The elderly couple returned back on the same route, with the man still propped up by his wife.  This time they did not speak and Parveen did not speak to them either.  This time they passed unnoticed.

 

“Do you live here?”

 

“Well yes I work in my father’s shop about half an hour’s walk away.  Only I am not sure yet what I want to do with myself, having only just left college.  It is hard trying to get in somewhere you know only.  Everywhere these days they expect experience so I just help father behind the till only that sort …”

 

Lavinia placed her fingertip to Parveen’s lips.

 

“Shh.  Slow down there girl.”

 

This was so new to Parveen who was a-gog and all a-gosh as Lavinia, retrieved her fingers from her face, smiled, touched her own lips, then placed them once more onto Parveen’s astonished, blushing mouth. 

 

“This lady Lavinia was right.  There was always time.  Let things slide and drift for a while.”

 

For over two hours they sat chatting, realising how much they had in common, how they found the other interesting and indeed exciting but behind it all they both knew the impossibility that anything could or would happen.  Parveen discovered she was flying off to France tomorrow.  Lavinia’s family was on ‘the grand tour of Europe’ so they both knew their friendship would go no further but, as sweet as it was, at that moment it was a something. 

 

Time moved on and little by little it came to pass that Lavinia had to go, back to her runts who were presumably angrily waiting for her now, her and her lateness.  Phrases of, “I have to go shortly,” kept on popping up in all that was said and — lo — it happened as unexpectedly as the whole de-frosted Sunday had turned out, yes it happened, they stood up together, swayed, paused and then moved in. 

 

“I should very much like to.”

 

“I know.”

“Bye girl.”

 

“Bye Vinnie.”

 

“Bye.

Gotta go hun.”

 

“Yes I um …”

 

“First this before I go.”

 

“Yes first,” echoed Parveen in petition, closing her eyes and leaning forward.

 

It was nice, full and open for the girls, warranted and wanted for each other.  It was.

 

Lavinia began to walk away. 

 

“Take this Vin.”

 

Parveen removed her silk and cotton Rakhi bracelet from her wrist and tied it around Lavinia’s.

 

“This will help you remember who you are, if ever you get lost.  My brother gave it to me last August and I only want you to have it now.  Sisters are supposed to give the Rakhi to their brothers but we are a bit different in our house.  He’s very protective and that’s nice.”

 

“O girl I know who I am and I know who you are.  You are such an English sugar plum.”

 

“May Govinda guard thy head; Kesava, thy neck; Vishnu, thy belly; the eternal Narayana, thy face, thine arms, thy mind, and faculties of sense.”

 

It did not seem unreasonable but she held Lavina’s arms and kissed her sweet bow lips once more as she said those things.

 

“So who’s gonna watch my bangin’ ass then?”

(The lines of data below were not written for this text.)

lemma bij_betw_tuples_split:
  assumes "i < l"
  shows "bij_betw (\<lambda>((us, vs), a). us @ a # vs)
           ((tuples X i \<times> tuples X (l - Suc i)) \<times> X) (tuples X l)"
proof (rule bij_betw_imageI)
  show "inj_on (\<lambda>((us, vs), a). us @ a # vs) ((tuples X i \<times> tuples X (l - Suc i)) \<times> X)"
    by (auto simp: inj_on_def tuples_def)
  show "(\<lambda>((us, vs), a). us @ a # vs) ` ((tuples X i \<times> tuples X (l - Suc i)) \<times> X) = tuples X l"
  proof (intro equalityI subsetI)
    fix xs assume xs: "xs \<in> tuples X l"
    then have "xs = take i xs @ xs ! i # drop (Suc i) xs"
      using assms by (simp add: tuples_def id_take_nth_drop)
    moreover have "((take i xs, drop (Suc i) xs), xs ! i) \<in> (tuples X i \<times> tuples X (l - Suc i)) \<times> X"
      using xs assms by (auto simp: tuples_def dest: in_set_takeD in_set_dropD)
    ultimately show "xs \<in> (\<lambda>((us, vs), a). us @ a # vs) ` ((tuples X i \<times> tuples X (l - Suc i)) \<times> X)"
      by force
  qed (use assms in \<open>auto simp: tuples_def\<close>)
qed

lemma sum_tuples_split:
  assumes "i < l"
  shows "(\<Sum>xs\<in>tuples X l. F xs) =
         (\<Sum>u\<in>tuples X i \<times> tuples X (l - Suc i). \<Sum>a\<in>X. F (fst u @ a # snd u))"
  by (simp add: sum.reindex_bij_betw[OF bij_betw_tuples_split[OF assms], symmetric]
      sum.cartesian_product case_prod_beta)

lemma card_tuples_split:
  assumes "finite X" "i < l"
  shows "card (tuples X i \<times> tuples X (l - Suc i)) * card X = card (tuples X l)"
proof -
  have "l = i + (l - Suc i) + 1" using assms(2) by simp
  then show ?thesis
    by (metis assms(1) card_cartesian_product card_tuples power_add power_one_right)
qed

lemma mdisc_eq_Max_image:
  "mdisc U V W M = Max ((\<lambda>(A, B, w). \<bar>unif_mu U V ((A \<times> B) \<inter> {(u, v). M u v = w})
                          - unif_mu U V (A \<times> B) / real (card W)\<bar>) ` (Pow U \<times> Pow V \<times> W))"
  unfolding mdisc_def by (rule arg_cong[where f = Max]) (auto simp: image_iff; blast)

lemma mdisc_ge:
  assumes "finite U" "finite V" "finite W" "A \<subseteq> U" "B \<subseteq> V" "w \<in> W"
  shows "\<bar>unif_mu U V ((A \<times> B) \<inter> {(u, v). M u v = w}) - unif_mu U V (A \<times> B) / real (card W)\<bar>
           \<le> mdisc U V W M"
  unfolding mdisc_eq_Max_image
proof (rule Max_ge)
  show "finite ((\<lambda>(A, B, w). \<bar>unif_mu U V ((A \<times> B) \<inter> {(u, v). M u v = w})
                          - unif_mu U V (A \<times> B) / real (card W)\<bar>) ` (Pow U \<times> Pow V \<times> W))"
    using assms by simp
  show "\<bar>unif_mu U V ((A \<times> B) \<inter> {(u, v). M u v = w}) - unif_mu U V (A \<times> B) / real (card W)\<bar>
      \<in> (\<lambda>(A, B, w). \<bar>unif_mu U V ((A \<times> B) \<inter> {(u, v). M u v = w})
                          - unif_mu U V (A \<times> B) / real (card W)\<bar>) ` (Pow U \<times> Pow V \<times> W)"
    by (rule image_eqI[where x = "(A, B, w)"]) (use assms in auto)
qed

lemma mdisc_le_iff:
  assumes "finite U" "finite V" "finite W" "W \<noteq> {}"
  shows "mdisc U V W M \<le> m \<longleftrightarrow>
    (\<forall>A\<subseteq>U. \<forall>B\<subseteq>V. \<forall>w\<in>W.
       \<bar>unif_mu U V ((A \<times> B) \<inter> {(u, v). M u v = w}) - unif_mu U V (A \<times> B) / real (card W)\<bar> \<le> m)"
  unfolding mdisc_eq_Max_image using assms by (subst Max_le_iff) auto

definition colour_excess :: "('u \<Rightarrow> 'v \<Rightarrow> 'w) \<Rightarrow> 'w set \<Rightarrow> 'w \<Rightarrow> ('u \<times> 'v) set \<Rightarrow> real" where
  "colour_excess M W w S = (\<Sum>(u, v)\<in>S. (if M u v = w then 1 else 0) - 1 / real (card W))"

lemma colour_excess_eq_card:
  assumes "finite S"
  shows "colour_excess M W w S =
           real (card {(u, v) \<in> S. M u v = w}) - real (card S) / real (card W)"
proof -
  have "(\<Sum>(u, v)\<in>S. if M u v = w then 1 else 0) = real (card {(u, v) \<in> S. M u v = w})"
  proof -
    have "S \<inter> {p. M (fst p) (snd p) = w} = {(u, v) \<in> S. M u v = w}" by auto
    then show ?thesis using assms by (simp add: sum.If_cases case_prod_beta)
  qed
  then show ?thesis
    unfolding colour_excess_def by (simp add: sum_subtractf case_prod_beta)
qed

lemma colour_excess_eq_sum_indicator:
  assumes "finite U" "finite V" "S \<subseteq> U \<times> V"
  shows "colour_excess M W w S = (\<Sum>u\<in>U. \<Sum>v\<in>V.
           if (u, v) \<in> S then (if M u v = w then 1 else 0) - 1 / real (card W) else 0)"
proof -
  have "colour_excess M W w S = (\<Sum>p\<in>(U \<times> V) \<inter> S.
          (if M (fst p) (snd p) = w then 1 else 0) - 1 / real (card W))"
    unfolding colour_excess_def case_prod_beta using assms(3) by (simp add: Int_absorb1)
  also have "\<dots> = (\<Sum>p\<in>U \<times> V.
          if p \<in> S then (if M (fst p) (snd p) = w then 1 else 0) - 1 / real (card W) else 0)"
    using assms(1,2) by (simp add: sum.inter_restrict)
  finally show ?thesis by (simp add: sum.cartesian_product case_prod_beta)
qed

lemma colour_excess_Times_eq_unif_mu:
  assumes "finite U" "finite V" "A \<subseteq> U" "B \<subseteq> V"
  shows "colour_excess M W w (A \<times> B) = real (card U) * real (card V) *
     (unif_mu U V ((A \<times> B) \<inter> {(u, v). M u v = w}) - unif_mu U V (A \<times> B) / real (card W))"
proof (cases "U = {} \<or> V = {}")
  case True
  then show ?thesis using assms by (auto simp: colour_excess_def)
next
  case False
  then have "card U > 0" "card V > 0" using assms(1,2) by (auto simp: card_gt_0_iff)
  moreover have "(A \<times> B) \<inter> {(u, v). M u v = w} \<inter> (U \<times> V) = {(u, v) \<in> A \<times> B. M u v = w}"
    and "(A \<times> B) \<inter> (U \<times> V) = A \<times> B"
    using assms(3,4) by auto
  moreover have "finite (A \<times> B)" using assms by (meson finite_SigmaI finite_subset)
  ultimately show ?thesis
    by (simp add: colour_excess_eq_card unif_mu_def field_simps)
qed

lemma abs_colour_excess_Times_le_mdisc:
  assumes "finite U" "finite V" "finite W" "A \<subseteq> U" "B \<subseteq> V" "w \<in> W"
  shows "\<bar>colour_excess M W w (A \<times> B)\<bar> \<le> real (card U) * real (card V) * mdisc U V W M"
  unfolding colour_excess_Times_eq_unif_mu[OF assms(1,2,4,5)] abs_mult
  by (simp add: mdisc_ge[OF assms] mult_left_mono)

lemma mdisc_le_if_abs_colour_excess_le:
  assumes "finite U" "finite V" "finite W" "W \<noteq> {}" "0 \<le> m"
    and excess: "\<And>A B w. A \<subseteq> U \<Longrightarrow> B \<subseteq> V \<Longrightarrow> w \<in> W \<Longrightarrow>
      \<bar>colour_excess M W w (A \<times> B)\<bar> \<le> real (card U) * real (card V) * m"
  shows "mdisc U V W M \<le> m"
  unfolding mdisc_le_iff[OF assms(1-4)]
proof (intro allI impI ballI)
  fix A B w assume AB: "A \<subseteq> U" "B \<subseteq> V" and w: "w \<in> W"
  show "\<bar>unif_mu U V ((A \<times> B) \<inter> {(u, v). M u v = w}) - unif_mu U V (A \<times> B) / real (card W)\<bar> \<le> m"
  proof (cases "card U = 0 \<or> card V = 0")
    case True
    \<comment> \<open>\<open>unif_mu\<close> divides by 0 here, so both measures are 0\<close>
    then show ?thesis using assms(5) by (auto simp: unif_mu_def)
  next
    case False
    then have "real (card U) * real (card V) > 0" by simp
    then show ?thesis
      using excess[OF AB w]
      unfolding colour_excess_Times_eq_unif_mu[OF assms(1,2) AB] abs_mult
      by (simp add: mult_le_cancel_left_pos)
  qed
qed

lemma rectangular_eq_Times:
  assumes "\<And>a b a' b'. (a, b) \<in> S \<Longrightarrow> (a', b') \<in> S \<Longrightarrow> (a, b') \<in> S"
  shows "S = fst ` S \<times> snd ` S"
proof (intro equalityI subsetI)
  fix p assume "p \<in> fst ` S \<times> snd ` S"
  then obtain b a' where "(fst p, b) \<in> S" "(a', snd p) \<in> S" by force
  then show "p \<in> S" using assms[of "fst p" b a' "snd p"] by simp
qed force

“O I will do that,” called Parveen, in half-truth and hilarity, as Lavinia’s tight American butt sauntered up the path by the side of the lake.  She wiggled away from her and ultimately, after her holiday, away further, back towards her home, all of those thousands of miles away. 

 

Was this to be as close as Parveen would get …

 

She watched her until she had just gone out of sight.  Then she re-opened her sketch pad and with a sudden intensity, as if she saw it clear for a second, she drew a line there, in the centre.  It was done, completed.  She closed the book then turned full circle and with the low angled, autumnal sun shining, moving towards perihelia, flushing and radiating her face, she strode confidently, reborn, out of Bradbourne Lakes Park. 

 

“Love, that was what they had.  That was what enabled that elderly couple to keep going, wasn’t it.  That was what human beings were about.  It was in Vatsyayana’s writings,” she mused.  “Love transcended all false thoughts of hate, spite, envy and aggression.  Love of everything.  That is what our purposes are: to make ourselves happy with love, gaiety and larking.  That is what will survive of us all.”

 

She felt it just so, in her bosom, in her deep heart’s core.